# what do grooms wear?



## nagseastsussex (23 May 2011)

Hi can someone please tell me what is the correct dress for a groom is, when they enter the show ring in a M & M class to help the competitor strip off the ponies?  Ty


----------



## MissSBird (23 May 2011)

At local level whatever your groom happens to be wearing is fine, just stick a hat on their head.

At lower county level the same applies.

At major shows dress a bit smarter.

At championship shows the groom should dress formally, as if doing an in-hand class. 

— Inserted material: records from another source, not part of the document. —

(* Let $\alpha\in\{0,1\}$, $u\geqslant 1$ and $b\geqslant 16u-1$ be integers. There exists a set $\mathfrak{A}$ of $2u$ integer $3\times 3$ matrices such that the multiset of absolute values of all entries of all matrices in $\mathfrak{A}$ is exactly the set $$[1,16u-1]_2\cup[2,8u-2]_4\cup[b+1,b+4u]\cup[b+10u+1,b+12u]\cup[b+16u+1,b+18u]$$ (each element occurring once), and for every $A\in\mathfrak{A}$ one has $\sigma_r(A)=(0,0,0)$ and $\sigma_c(A)=(4\alpha,-2\alpha,-2\alpha)$.
   Context: For integers $a\equiv b\pmod d$ with $d\geqslant1$, $[a,b]_d=\{a+id: 0\leqslant i\leqslant (b-a)/d\}$ if $a\leqslant b$ and $[a,b]_d=\varnothing$ if $a>b$; $[a,b]=[a,b]_1$. For a matrix $A$, $\sigma_r(A)$ is the sequence of its row sums (top to bottom) and $\sigma_c(A)$ the sequence of its column sums (left to right). *)

theory Defs
  imports "HOL-Analysis.Analysis" "HOL-Library.Multiset"
begin

definition step_interval :: "int \<Rightarrow> int \<Rightarrow> int \<Rightarrow> int set" where
  "step_interval a b d = (if a \<le> b then {a + i * d | i. 0 \<le> i \<and> i \<le> (b - a) div d} else {})"

definition abs_entries :: "int^3^3 \<Rightarrow> int multiset" where
  "abs_entries A = image_mset (\<lambda>(i, j). \<bar>A $ i $ j\<bar>) (mset_set (UNIV :: (3 \<times> 3) set))"

definition row_sums :: "int^3^3 \<Rightarrow> int list" where
  "row_sums A = map (\<lambda>i. \<Sum>j\<in>UNIV. A $ i $ j) [0, 1, 2 :: 3]"

definition col_sums :: "int^3^3 \<Rightarrow> int list" where
  "col_sums A = map (\<lambda>j. \<Sum>i\<in>UNIV. A $ i $ j) [0, 1, 2 :: 3]"

end

theory Submission
  imports Defs
begin

text \<open>For i = 1, ..., u take the matrices A_i = mat_A \<alpha> b u i and B_i = mat_B \<alpha> b u i; their rows
  sum to 0 and their columns to (4\<alpha>, -2\<alpha>, -2\<alpha>) by inspection. Each of the 18 entries of A_i and B_i is, up to
  sign, an affine function c \<plusminus> d i of i with d \<in> {2, 4, 8}, so as i runs through [1, u] it traces
  an arithmetic progression [a, a + (u - 1) d]_d. These 18 progressions tile the five blocks of the
  target set (the odd block splits into quarters, each the union of the two residue classes
  modulo 4; for \<alpha> = 1 the \<alpha>-dependent progressions merely swap roles). Hence the absolute values
  cover the target set, and since there are 18u of them and the target set has 18u elements, each
  occurs exactly once.\<close>

lemma step_interval_iff:
  fixes d :: int
  assumes "d > 0"
  shows "x \<in> step_interval a b d \<longleftrightarrow> a \<le> x \<and> x \<le> b \<and> d dvd (x - a)"
proof
  assume "x \<in> step_interval a b d"
  then obtain j where "a \<le> b" "0 \<le> j" "j \<le> (b - a) div d" "x = a + j * d"
    by (auto simp: step_interval_def split: if_splits)
  moreover have "j * d \<le> b - a"
  proof -
    have "j * d \<le> (b - a) div d * d"
      using \<open>j \<le> (b - a) div d\<close> assms by simp
    also have "\<dots> \<le> b - a"
      using minus_mod_eq_div_mult[of "b - a" d] pos_mod_sign[of d "b - a"] assms by linarith
    finally show ?thesis .
  qed
  ultimately show "a \<le> x \<and> x \<le> b \<and> d dvd (x - a)"
    using assms by simp
next
  assume x: "a \<le> x \<and> x \<le> b \<and> d dvd (x - a)"
  then obtain j where j: "x - a = j * d"
    by (metis dvdE mult.commute)
  have "0 \<le> j * d"
    using x j by simp
  then have "0 \<le> j"
    using assms by (simp add: zero_le_mult_iff)
  moreover have "j \<le> (b - a) div d"
    using zdiv_mono1[of "x - a" "b - a" d] x j assms by simp
  ultimately show "x \<in> step_interval a b d"
    using x j by (auto simp: step_interval_def algebra_simps)
qed

lemma finite_step_interval: "finite (step_interval a b d)"
proof -
  have "{a + i * d | i. 0 \<le> i \<and> i \<le> (b - a) div d} = (\<lambda>i. a + i * d) ` {0..(b - a) div d}"
    by auto
  then show ?thesis
    by (simp add: step_interval_def)
qed

lemma card_step_interval:
  assumes "d > 0" "a \<le> b"
  shows "card (step_interval a b d) = nat ((b - a) div d + 1)"
proof -
  have "step_interval a b d = (\<lambda>j. a + j * d) ` {0..(b - a) div d}"
    using assms by (auto simp: step_interval_def)
  moreover have "inj_on (\<lambda>j. a + j * d) {0..(b - a) div d}"
    using assms by (auto simp: inj_on_def)
  ultimately show ?thesis
    by (simp add: card_image)
qed

lemma image_add_mult_atLeastAtMost:
  fixes c d :: int
  assumes "d > 0"
  shows "(\<lambda>i. c + d * i) ` {1..u} = step_interval (c + d) (c + d * u) d"
proof (rule set_eqI)
  fix x
  have "(\<exists>i\<in>{1..u}. x = c + d * i) \<longleftrightarrow> c + d \<le> x \<and> x \<le> c + d * u \<and> d dvd (x - (c + d))"
  proof
    assume "\<exists>i\<in>{1..u}. x = c + d * i"
    then obtain i where "1 \<le> i" "i \<le> u" "x = c + d * i"
      by auto
    moreover have "x - (c + d) = d * (i - 1)"
      using \<open>x = c + d * i\<close> by (simp add: algebra_simps)
    ultimately show "c + d \<le> x \<and> x \<le> c + d * u \<and> d dvd (x - (c + d))"
      using assms by auto
  next
    assume x: "c + d \<le> x \<and> x \<le> c + d * u \<and> d dvd (x - (c + d))"
    then obtain j where j: "x - (c + d) = d * j"
      by (auto elim: dvdE)
    have "0 \<le> d * j"
      using x j by simp
    then have "0 \<le> j"
      using assms by (simp add: zero_le_mult_iff)
    have "d * (j + 1) \<le> d * u"
      using x j by (simp add: algebra_simps)
    then have "j \<le> u - 1"
      using assms by simp
    with \<open>0 \<le> j\<close> show "\<exists>i\<in>{1..u}. x = c + d * i"
      using j by (intro bexI[of _ "j + 1"]) (auto simp: algebra_simps)
  qed
  then show "x \<in> (\<lambda>i. c + d * i) ` {1..u} \<longleftrightarrow> x \<in> step_interval (c + d) (c + d * u) d"
    using assms by (auto simp: step_interval_iff)
qed

lemma image_diff_mult_atLeastAtMost:
  fixes c d :: int
  assumes "d > 0"
  shows "(\<lambda>i. c - d * i) ` {1..u} = step_interval (c - d * u) (c - d) d"
proof -
  have "(\<lambda>i. c - d * i) = (\<lambda>i. (c - d * (u + 1)) + d * i) \<circ> (\<lambda>i. u + 1 - i)"
    by (simp add: fun_eq_iff algebra_simps)
  then have "(\<lambda>i. c - d * i) ` {1..u} = (\<lambda>i. (c - d * (u + 1)) + d * i) ` ((\<lambda>i. u + 1 - i) ` {1..u})"
    by (simp only: image_comp)
  also have "(\<lambda>i. u + 1 - i) ` {1..u} = {1..u}"
    by (auto simp: image_iff intro: bexI[of _ "u + 1 - _"])
  also have "(\<lambda>i. (c - d * (u + 1)) + d * i) ` {1..u}
      = step_interval (c - d * (u + 1) + d) (c - d * (u + 1) + d * u) d"
    by (rule image_add_mult_atLeastAtMost[OF assms])
  also have "c - d * (u + 1) + d = c - d * u"
    by (simp add: algebra_simps)
  also have "c - d * (u + 1) + d * u = c - d"
    by (simp add: algebra_simps)
  finally show ?thesis .
qed

lemma mset_set_eqI:
  assumes "set_mset M = S" and "size M = card S"
  shows "M = mset_set S"
proof -
  have sub: "mset_set S \<subseteq># M"
    using mset_set_set_mset_msubset[of M] assms(1) by simp
  have "size (mset_set S) = size M"
    using assms(2) by simp
  then have "\<not> mset_set S \<subset># M"
    by (metis less_irrefl mset_subset_size)
  with sub have "mset_set S = M"
    by (simp add: subset_mset.le_less)
  then show ?thesis ..
qed

definition mat3x3 :: "int \<Rightarrow> int \<Rightarrow> int \<Rightarrow> int \<Rightarrow> int \<Rightarrow> int \<Rightarrow> int \<Rightarrow> int \<Rightarrow> int \<Rightarrow> int^3^3" where
  "mat3x3 a11 a12 a13 a21 a22 a23 a31 a32 a33 = (\<chi> i j.
     if i = 0 then (if j = 0 then a11 else if j = 1 then a12 else a13)
     else if i = 1 then (if j = 0 then a21 else if j = 1 then a22 else a23)
     else (if j = 0 then a31 else if j = 1 then a32 else a33))"

lemma row_sums_mat3x3:
  "row_sums (mat3x3 a11 a12 a13 a21 a22 a23 a31 a32 a33) = [a11 + a12 + a13, a21 + a22 + a23, a31 + a32 + a33]"
  by (simp add: row_sums_def mat3x3_def sum_3 ac_simps)

lemma col_sums_mat3x3:
  "col_sums (mat3x3 a11 a12 a13 a21 a22 a23 a31 a32 a33) = [a11 + a21 + a31, a12 + a22 + a32, a13 + a23 + a33]"
  by (simp add: col_sums_def mat3x3_def sum_3 ac_simps)

lemma abs_entries_mat3x3:
  "abs_entries (mat3x3 a11 a12 a13 a21 a22 a23 a31 a32 a33) =
     mset [\<bar>a11\<bar>, \<bar>a12\<bar>, \<bar>a13\<bar>, \<bar>a21\<bar>, \<bar>a22\<bar>, \<bar>a23\<bar>, \<bar>a31\<bar>, \<bar>a32\<bar>, \<bar>a33\<bar>]"
proof -
  let ?ij = "[(0,0), (0,1), (0,2), (1,0), (1,1), (1,2), (2,0), (2,1), (2,2)] :: (3 \<times> 3) list"
  have "(UNIV :: 3 set) = {0, 1, 2}"
    using exhaust_3 by fastforce
  then have univ: "(UNIV :: (3 \<times> 3) set) = set ?ij"
    by auto
  have "mset_set (UNIV :: (3 \<times> 3) set) = mset ?ij"
    unfolding univ by (rule mset_set_set) simp
  then show ?thesis
    by (simp add: abs_entries_def mat3x3_def flip: mset_map)
qed

definition mat_A :: "int \<Rightarrow> int \<Rightarrow> int \<Rightarrow> int \<Rightarrow> int^3^3" where
  "mat_A \<alpha> b u i = mat3x3
     (4*i - 1)             (b + 2*u + 1 - 2*i)     (- (b + 2*u + 2*i))
     (4*i - 8*u - 1)       (- (b + 10*u + 2*i))    (b + 18*u + 1 - 2*i)
     (4*\<alpha> + 8*u + 2 - 8*i) (8*u - 1 + 4*i - 2*\<alpha>) (4*i - 16*u - 1 - 2*\<alpha>)"

definition mat_B :: "int \<Rightarrow> int \<Rightarrow> int \<Rightarrow> int \<Rightarrow> int^3^3" where
  "mat_B \<alpha> b u i = mat3x3
     (4*i - 4*u - 1)       (b + 4*u + 1 - 2*i)      (- (b + 2*i))
     (4*u + 4*i - 1)       (- (b + 16*u + 2*i))     (b + 12*u + 1 - 2*i)
     (4*\<alpha> + 2 - 8*i)      (12*u - 1 + 4*i - 2*\<alpha>) (4*i - 12*u - 1 - 2*\<alpha>)"

text \<open>Each value is written as c + d * i or c - d * i with d a positive numeral: these are the
  shapes image_affine_atLeastAtMost matches syntactically.\<close>

definition abs_values_A :: "int \<Rightarrow> int \<Rightarrow> int \<Rightarrow> int \<Rightarrow> int list" where
  "abs_values_A \<alpha> b u i =
     [- 1 + 4*i, b + 2*u + 1 - 2*i, b + 2*u + 2*i,
      8*u + 1 - 4*i, b + 10*u + 2*i, b + 18*u + 1 - 2*i,
      8*u + 2 + 4*\<alpha> - 8*i, 8*u - 1 - 2*\<alpha> + 4*i, 16*u + 1 + 2*\<alpha> - 4*i]"

definition abs_values_B :: "int \<Rightarrow> int \<Rightarrow> int \<Rightarrow> int \<Rightarrow> int list" where
  "abs_values_B \<alpha> b u i =
     [4*u + 1 - 4*i, b + 4*u + 1 - 2*i, b + 2*i,
      4*u - 1 + 4*i, b + 16*u + 2*i, b + 12*u + 1 - 2*i,
      - 2 - 4*\<alpha> + 8*i, 12*u - 1 - 2*\<alpha> + 4*i, 12*u + 1 + 2*\<alpha> - 4*i]"

lemma row_col_sums_mat_A:
  "row_sums (mat_A \<alpha> b u i) = [0, 0, 0] \<and> col_sums (mat_A \<alpha> b u i) = [4*\<alpha>, -2*\<alpha>, -2*\<alpha>]"
  by (simp add: mat_A_def row_sums_mat3x3 col_sums_mat3x3 algebra_simps)

lemma row_col_sums_mat_B:
  "row_sums (mat_B \<alpha> b u i) = [0, 0, 0] \<and> col_sums (mat_B \<alpha> b u i) = [4*\<alpha>, -2*\<alpha>, -2*\<alpha>]"
  by (simp add: mat_B_def row_sums_mat3x3 col_sums_mat3x3 algebra_simps)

Regardless of level, the groom should always wear a hat.


----------



## Rowreach (23 May 2011)

Depends on the level, but whatever level your groom shouldn't be scruffy   Riding hat, neat hair, sensible footwear (short boots usually) are essential.  Shirt and tie, hacking jacket, light coloured tidy trousers, and equipment in something that is neat and tidy as well - mine is in a small dark coloured toolbox.  A well turned out groom adds to the whole picture of well turned out horse and rider


----------



## much-jittering (23 May 2011)

Tidy, but it's not the end of the world. Even at county, if it's hurling it down with rain and the class has taken 20 minutes to do it's initial go round, the majority of grooms will look like drowned rats in as many coats as they could find in the lorry 

Yes it's nice to turn out v smartly, i.e. as for in hand if possible - but when you're ACTUALLY the groom, not just the ring groom, you can't wear your clobber to prep the horses or it'd be filthy before you start, so then you need to find time to change if any is available - and believe me if you've got more than one rider in a class, or indeed sometimes in different rings at the same time, you probably haven't got time to ponce yourself up too much. Picking the hay out of one's hair is a good start 

At a big big shows as the others said, you make the time to turn the groom out well too. But seriously, even county it's not the end of the world. Royal International, dig the hacking jacket out 

Ultimately though it's the horse getting judged and the judge isn't going to notice the groom unless they're getting in the way - i.e. the ones that hover not quite sure whether to go into the ring or not, or who get in the way of somebody's show, or faff around with their charge so it isn't actually ready  Get it, get out is my motto - there's always something else to go and get done and the less time I spend in the middle of the ring like a lemon the better


----------



## MaisieMooandCometToo (23 May 2011)

I would say dress as if you were showing inhand although I doubt the groom attire is marked too heavily at lower levels it's always better to look the part!


----------



## much-jittering (23 May 2011)

Quick afterthought - do check the rules, certainly if it's a bigger show, as I know at some of the ones we go to there's rules about logos/advertising, so you can't go into the ring as a groom with the name of your yard emblazoned accross your back. Outside of the ring you can walk round wearing an advertising sandwich board if you so wish - but inside even an embroidered logo for your business on one side of the chest is a no no. I don't know if that's a common thing all over for county, or just comes up at ones we go to, or is only relevent to 'professional' producers/studs etc.


----------



## nagseastsussex (23 May 2011)

Many thanks everyone, I did not want to let my daughter down as its her first attempt at showing and she is very concerned that everything is "just so".


----------



## xloopylozzax (23 May 2011)

no scruffy jeans, no shorts or bright coloured jods is the main. It does matter, it is noticed and overall makes the right impression. A clean blouson/gillet is easy to throw on if its raining. A 'bush' hat is fine, or flat cap, riding hat is not neccesary. You dont tend to have a groom at local level...


----------